The approximation of calculations is associated with measurement errors.

After checking the results, the output of the formulas for the areas of the lateral and full surfaces of the cone appears on the screen (slides 22-26) students keep notes in notebooks.

Stage III. Consolidation of the studied material.

1) Students are offered tasks for oral solution on ready-made drawings.

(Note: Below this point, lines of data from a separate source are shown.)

definition twinfree_sets :: "'a measure \<Rightarrow> ('a \<Rightarrow> 'a \<Rightarrow> real) \<Rightarrow> 'a set set" where
  "twinfree_sets M W = {A \<in> sets M. \<forall>x y. twin M W x y \<longrightarrow> (x \<in> A \<longleftrightarrow> y \<in> A)}"

definition twinfree_subalg :: "'a measure \<Rightarrow> ('a \<Rightarrow> 'a \<Rightarrow> real) \<Rightarrow> 'a measure" where
  "twinfree_subalg M W = sigma (space M) (twinfree_sets M W)"

definition twin_quot_space :: "'a measure \<Rightarrow> ('a \<Rightarrow> 'a \<Rightarrow> real) \<Rightarrow> 'a set measure" where
  "twin_quot_space M W = sigma (twin_classes M W)
     {B. B \<subseteq> twin_classes M W \<and> twin_proj M W -` B \<inter> space M \<in> twinfree_sets M W}"

definition twinfree_J :: "'a measure \<Rightarrow> ('a \<Rightarrow> 'a \<Rightarrow> real) \<Rightarrow> 'a set measure" where
  "twinfree_J M W = distr (restr_to_subalg M (twinfree_subalg M W)) (twin_quot_space M W) (twin_proj M W)"

text \<open>The conditional expectation of W w.r.t. the product of the twin-free sigma-algebra,
  viewed as a function on pairs of twin classes (evaluated at chosen representatives).\<close>
definition twinfree_W :: "'a measure \<Rightarrow> ('a \<Rightarrow> 'a \<Rightarrow> real) \<Rightarrow> 'a set \<Rightarrow> 'a set \<Rightarrow> real" where
  "twinfree_W M W X Y =
     real_cond_exp (M \<Otimes>\<^sub>M M) (twinfree_subalg M W \<Otimes>\<^sub>M twinfree_subalg M W)
       (\<lambda>p. W (fst p) (snd p)) (SOME x. x \<in> X, SOME y. y \<in> Y)"

definition twin_const_L1 :: "'a measure \<Rightarrow> ('a \<Rightarrow> 'a \<Rightarrow> real) \<Rightarrow> ('a \<Rightarrow> real) set" where
  "twin_const_L1 M W = {u. integrable M u \<and>
     (\<exists>u'. integrable M u' \<and> (AE x in M. u x = u' x) \<and>
           (\<forall>x y. twin M W x y \<longrightarrow> u' x = u' y))}"

definition l1_linear_subspace :: "'a measure \<Rightarrow> ('a \<Rightarrow> real) set \<Rightarrow> bool" where
  "l1_linear_subspace M S \<longleftrightarrow> (\<forall>u\<in>S. integrable M u) \<and> (\<lambda>x. 0) \<in> S \<and>
     (\<forall>u\<in>S. \<forall>v\<in>S. (\<lambda>x. u x + v x) \<in> S) \<and> (\<forall>u\<in>S. \<forall>c. (\<lambda>x. c * u x) \<in> S)"

definition l1_closed :: "'a measure \<Rightarrow> ('a \<Rightarrow> real) set \<Rightarrow> bool" where
  "l1_closed M S \<longleftrightarrow> (\<forall>U u. (\<forall>n::nat. U n \<in> S) \<longrightarrow> integrable M u \<longrightarrow>
      (\<lambda>n. l1dist M (U n) u) \<longlonglongrightarrow> 0 \<longrightarrow> u \<in> S)"

definition gds_invariant :: "'a measure \<Rightarrow> ('a \<Rightarrow> 'a \<Rightarrow> real) \<Rightarrow> (real \<times> real \<Rightarrow> real)
    \<Rightarrow> (real \<times> real \<Rightarrow> real) \<Rightarrow> ('a \<Rightarrow> real) set \<Rightarrow> bool" where
  "gds_invariant M W f g S \<longleftrightarrow>
     (\<forall>u. gds_trajectory M W f g u \<longrightarrow> u 0 \<in> S \<longrightarrow> (\<forall>t. u t \<in> S))"

text \<open>The dynamics of D(J,W) restricted to S is isometric to the dynamics of D(J',W'):
  there is an isometry from S onto L1(J') (modulo null functions) mapping trajectories
  in S exactly to trajectories of D(J',W').\<close>
definition gds_isometric :: "'a measure \<Rightarrow> ('a \<Rightarrow> 'a \<Rightarrow> real) \<Rightarrow> ('a \<Rightarrow> real) set
    \<Rightarrow> 'b measure \<Rightarrow> ('b \<Rightarrow> 'b \<Rightarrow> real) \<Rightarrow> (real \<times> real \<Rightarrow> real) \<Rightarrow> (real \<times> real \<Rightarrow> real) \<Rightarrow> bool" where
  "gds_isometric M W S M' W' f g \<longleftrightarrow>
     (\<exists>\<Phi> :: ('a \<Rightarrow> real) \<Rightarrow> ('b \<Rightarrow> real).
        (\<forall>u\<in>S. integrable M' (\<Phi> u)) \<and>
        (\<forall>u\<in>S. \<forall>v\<in>S. l1dist M' (\<Phi> u) (\<Phi> v) = l1dist M u v) \<and>
        (\<forall>w. integrable M' w \<longrightarrow> (\<exists>u\<in>S. AE y in M'. \<Phi> u y = w y)) \<and>
        (\<forall>U. (\<forall>t. U t \<in> S) \<longrightarrow>
             (gds_trajectory M W f g U \<longleftrightarrow> gds_trajectory M' W' f g (\<lambda>t. \<Phi> (U t)))))"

Find the areas of the total surfaces of the cones shown in the figures (slides 27-32).

2) Question: Are the areas of the surfaces of cones formed by the rotation of one right triangle about different legs equal? Students make a hypothesis and test it. Hypothesis testing is carried out by solving problems and is written by the student on the blackboard.

Given:Δ ABC, ∠C=90°, AB=c, AC=b, BC=a;

BAA", ABV" - bodies of revolution.

Find: S PPC 1 , S PPC 2 .

Figure 5 (slide 33)

Solution:

1) R=BC = a; S PPC 1 = S BOD 1 + S main 1 = π a c + π a 2 \u003d π a (a + c).

2) R=AC = b; S PPC 2 = S BOD 2 + S main 2 = π b c + π b 2 \u003d π b (b + c).

If S PPC 1 = S PPC 2, then a 2 + ac \u003d b 2 + bc, a 2 - b 2 + ac - bc \u003d 0, (a-b) (a + b + c) \u003d 0. Because a, b, c positive numbers (the lengths of the sides of the triangle), the tore-equality is true only if a =b.

Conclusion: The areas of the surfaces of two cones are equal only if the legs of the triangle are equal. (slide 34)

3) Solution of the problem from the textbook: No. 565.

IV stage. Summing up the lesson.

Homework: p.55, 56; No. 548, No. 561. (slide 35)

Announcement of grades.

Conclusions during the lesson, repetition of the main information received in the lesson.

Literature (slide 36)

1. Geometry grades 10–11 - Atanasyan, V. F. Butuzov, S. B. Kadomtsev et al., M., Enlightenment, 2008.
2. "Mathematical puzzles and charades" - N.V. Udaltsov, library "First of September", series "MATHEMATICS", issue 35, M., Chistye Prudy, 2010.